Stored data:
- - -
definition adj_group :: "'a set \<Rightarrow> ('a \<Rightarrow> 'a \<Rightarrow> enat) \<Rightarrow> 'a word set word set monoid" where
  "adj_group S m = presented_group (coxeter_quandle S m) (adj_relators S m)"

definition adj_gen :: "'a set \<Rightarrow> ('a \<Rightarrow> 'a \<Rightarrow> enat) \<Rightarrow> 'a word set \<Rightarrow> 'a word set word set" where
  "adj_gen S m x = pg_gen (adj_relators S m) x"

definition adj_phi :: "'a set \<Rightarrow> ('a \<Rightarrow> 'a \<Rightarrow> enat) \<Rightarrow> 'a word set word set \<Rightarrow> 'a word set" where
  "adj_phi S m = pg_induced (coxeter_quandle S m) (coxeter_group S m) id"

end

theory Submission
  imports Defs
begin

text \<open>The defining relation gives e_y^-1 e_x e_y = e_(x*y); applying it twice and using
  (x*y)*y = x shows that e_y^2 commutes with every generator e_x. Hence
  e_(x*y)^2 = e_y^-1 e_x^2 e_y = e_x^2, and since x*s = s x s for the simple reflections s,
  induction on the length of w gives e_(w^-1 x w)^2 = e_x^2. Finally phi(e_x^2) = x^2 = 1
  because every element of Q_W is an involution.\<close>

section \<open>Presented groups\<close>

lemma pg_eq_append_cong: "pg_eq R u v \<Longrightarrow> pg_eq R (p @ u @ q) (p @ v @ q)"
proof (induction rule: pg_eq.induct)
  case (pg_refl w) then show ?case by (rule pg_eq.pg_refl)
next
  case (pg_sym u v) then show ?case by (metis pg_eq.pg_sym)
next
  case (pg_trans u v w) then show ?case by (metis pg_eq.pg_trans)
next
  case (pg_cancel u g b v)
  show ?case using pg_eq.pg_cancel[of R "p @ u" g b "v @ q"] by simp
next
  case (pg_rel r u v)
  show ?case using pg_eq.pg_rel[OF pg_rel, of "p @ u" "v @ q"] by simp
qed

lemma pg_eq_append: "pg_eq R u u' \<Longrightarrow> pg_eq R v v' \<Longrightarrow> pg_eq R (u @ v) (u' @ v')"
  by (metis pg_eq.pg_trans pg_eq_append_cong append_Nil append_Nil2)

lemma pg_class_eq_iff: "pg_class R u = pg_class R v \<longleftrightarrow> pg_eq R u v"
  unfolding pg_class_def
  by (auto intro: pg_eq.pg_refl) (metis pg_eq.pg_sym pg_eq.pg_trans)+

lemma presented_group_mult:
  "pg_class R u \<otimes>\<^bsub>presented_group G R\<^esub> pg_class R v = pg_class R (u @ v)"
  unfolding presented_group_def pg_class_def
  by (auto intro: pg_eq.pg_refl) (metis pg_eq.pg_trans pg_eq_append)

lemma presented_group_one: "\<one>\<^bsub>presented_group G R\<^esub> = pg_class R []"
  by (simp add: presented_group_def)

lemma presented_group_carrier:
  "carrier (presented_group G R) = {pg_class R w | w. set (map fst w) \<subseteq> G}"
  by (simp add: presented_group_def)

definition word_inv :: "'g word \<Rightarrow> 'g word" where
  "word_inv w = rev (map (\<lambda>(g, b). (g, \<not> b)) w)"

lemma pg_eq_word_inv_append: "pg_eq R (word_inv w @ w) []"
proof (induction w)
  case Nil then show ?case by (simp add: word_inv_def pg_eq.pg_refl)
next
  case (Cons a w)
  obtain g b where a: "a = (g, b)" by fastforce
  have "pg_eq R (word_inv (a # w) @ a # w) (word_inv w @ w)"
    using pg_eq.pg_cancel[of R "word_inv w" g "\<not> b" w] by (simp add: word_inv_def a)
  with Cons show ?case by (metis pg_eq.pg_trans)
qed

lemma group_presented_group: "group (presented_group G R)"
proof (rule groupI)
  fix x y assume "x \<in> carrier (presented_group G R)" "y \<in> carrier (presented_group G R)"
  then obtain u v where "x = pg_class R u" "set (map fst u) \<subseteq> G"
      "y = pg_class R v" "set (map fst v) \<subseteq> G"
    by (auto simp: presented_group_carrier)
  then show "x \<otimes>\<^bsub>presented_group G R\<^esub> y \<in> carrier (presented_group G R)"
    by (auto simp: presented_group_mult presented_group_carrier intro!: exI[of _ "u @ v"]) force+
next
  show "\<one>\<^bsub>presented_group G R\<^esub> \<in> carrier (presented_group G R)"
    by (auto simp: presented_group_one presented_group_carrier intro!: exI[of _ "[]"])
next
  fix x y z assume "x \<in> carrier (presented_group G R)" "y \<in> carrier (presented_group G R)"
    "z \<in> carrier (presented_group G R)"
  then show "x \<otimes>\<^bsub>presented_group G R\<^esub> y \<otimes>\<^bsub>presented_group G R\<^esub> z =
      x \<otimes>\<^bsub>presented_group G R\<^esub> (y \<otimes>\<^bsub>presented_group G R\<^esub> z)"
    by (auto simp: presented_group_carrier presented_group_mult)
next
  fix x assume "x \<in> carrier (presented_group G R)"
  then show "\<one>\<^bsub>presented_group G R\<^esub> \<otimes>\<^bsub>presented_group G R\<^esub> x = x"
    by (auto simp: presented_group_carrier presented_group_mult presented_group_one)
next
  fix x assume "x \<in> carrier (presented_group G R)"
  then obtain u where u: "x = pg_class R u" "set (map fst u) \<subseteq> G"
    by (auto simp: presented_group_carrier)
  have "pg_class R (word_inv u) \<in> carrier (presented_group G R)"
    using u(2) by (force simp: presented_group_carrier word_inv_def)
  moreover have "pg_class R (word_inv u) \<otimes>\<^bsub>presented_group G R\<^esub> x = \<one>\<^bsub>presented_group G R\<^esub>"
    by (simp add: u(1) presented_group_mult presented_group_one pg_class_eq_iff
        pg_eq_word_inv_append)
  ultimately show "\<exists>y\<in>carrier (presented_group G R). y \<otimes>\<^bsub>presented_group G R\<^esub> x = \<one>\<^bsub>presented_group G R\<^esub>"
    by blast
qed

lemma pg_gen_closed: "g \<in> G \<Longrightarrow> pg_gen R g \<in> carrier (presented_group G R)"
  unfolding pg_gen_def presented_group_carrier by force

lemma pg_class_relator: "r \<in> R \<Longrightarrow> pg_class R r = \<one>\<^bsub>presented_group G R\<^esub>"
  using pg_eq.pg_rel[of r R "[]" "[]"] by (simp add: presented_group_one pg_class_eq_iff)

lemma pg_class_inverse_letter:
  assumes "g \<in> G"
  shows "pg_class R [(g, True)] = inv\<^bsub>presented_group G R\<^esub> pg_gen R g"
proof -
  interpret group "presented_group G R" by (rule group_presented_group)
  have "pg_class R [(g, True)] \<otimes>\<^bsub>presented_group G R\<^esub> pg_gen R g = \<one>\<^bsub>presented_group G R\<^esub>"
    using pg_eq.pg_cancel[of R "[]" g True "[]"]
    by (simp add: pg_gen_def presented_group_mult presented_group_one pg_class_eq_iff)
  moreover have "pg_class R [(g, True)] \<in> carrier (presented_group G R)"
    using assms by (force simp: presented_group_carrier)
  ultimately show ?thesis
    using inv_equality pg_gen_closed[OF assms] by metis
qed

lemma word_eval_Nil: "word_eval H f [] = \<one>\<^bsub>H\<^esub>"
  by (simp add: word_eval_def)

lemma word_eval_Cons:
  "word_eval H f ((g, b) # w) = (if b then inv\<^bsub>H\<^esub> (f g) else f g) \<otimes>\<^bsub>H\<^esub> word_eval H f w"
  by (simp add: word_eval_def)

lemma word_eval_cong:
  "(\<And>g. g \<in> set (map fst w) \<Longrightarrow> f g = f' g) \<Longrightarrow> word_eval H f w = word_eval H f' w"
  by (induction w) (auto simp: word_eval_Nil word_eval_Cons)

lemma pg_class_eq_word_eval:
  "set (map fst w) \<subseteq> G \<Longrightarrow> pg_class R w = word_eval (presented_group G R) (pg_gen R) w"
proof (induction w)
  case Nil then show ?case by (simp add: word_eval_Nil presented_group_one)
next
  case (Cons a w)
  obtain g b where a: "a = (g, b)" by fastforce
  have "pg_class R (a # w) = pg_class R [(g, b)] \<otimes>\<^bsub>presented_group G R\<^esub> pg_class R w"
    by (simp add: a presented_group_mult)
  with Cons show ?case
    by (auto simp: a word_eval_Cons pg_class_inverse_letter pg_gen_def)
qed

context group
begin

lemma mult_inv_cancel_left: "x \<in> carrier G \<Longrightarrow> y \<in> carrier G \<Longrightarrow> x \<otimes> (inv x \<otimes> y) = y"
  by (simp add: m_assoc[symmetric])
- - -
:: What the task requires ::
Search the entries above for "where". Return every line that has it.

:: Output of the exercise ::
definition adj_group :: "'a set \<Rightarrow> ('a \<Rightarrow> 'a \<Rightarrow> enat) \<Rightarrow> 'a word set word set monoid" where
definition adj_gen :: "'a set \<Rightarrow> ('a \<Rightarrow> 'a \<Rightarrow> enat) \<Rightarrow> 'a word set \<Rightarrow> 'a word set word set" where
definition adj_phi :: "'a set \<Rightarrow> ('a \<Rightarrow> 'a \<Rightarrow> enat) \<Rightarrow> 'a word set word set \<Rightarrow> 'a word set" where
definition word_inv :: "'g word \<Rightarrow> 'g word" where
  obtain g b where a: "a = (g, b)" by fastforce
  then obtain u v where "x = pg_class R u" "set (map fst u) \<subseteq> G"
  then obtain u where u: "x = pg_class R u" "set (map fst u) \<subseteq> G"
  obtain g b where a: "a = (g, b)" by fastforce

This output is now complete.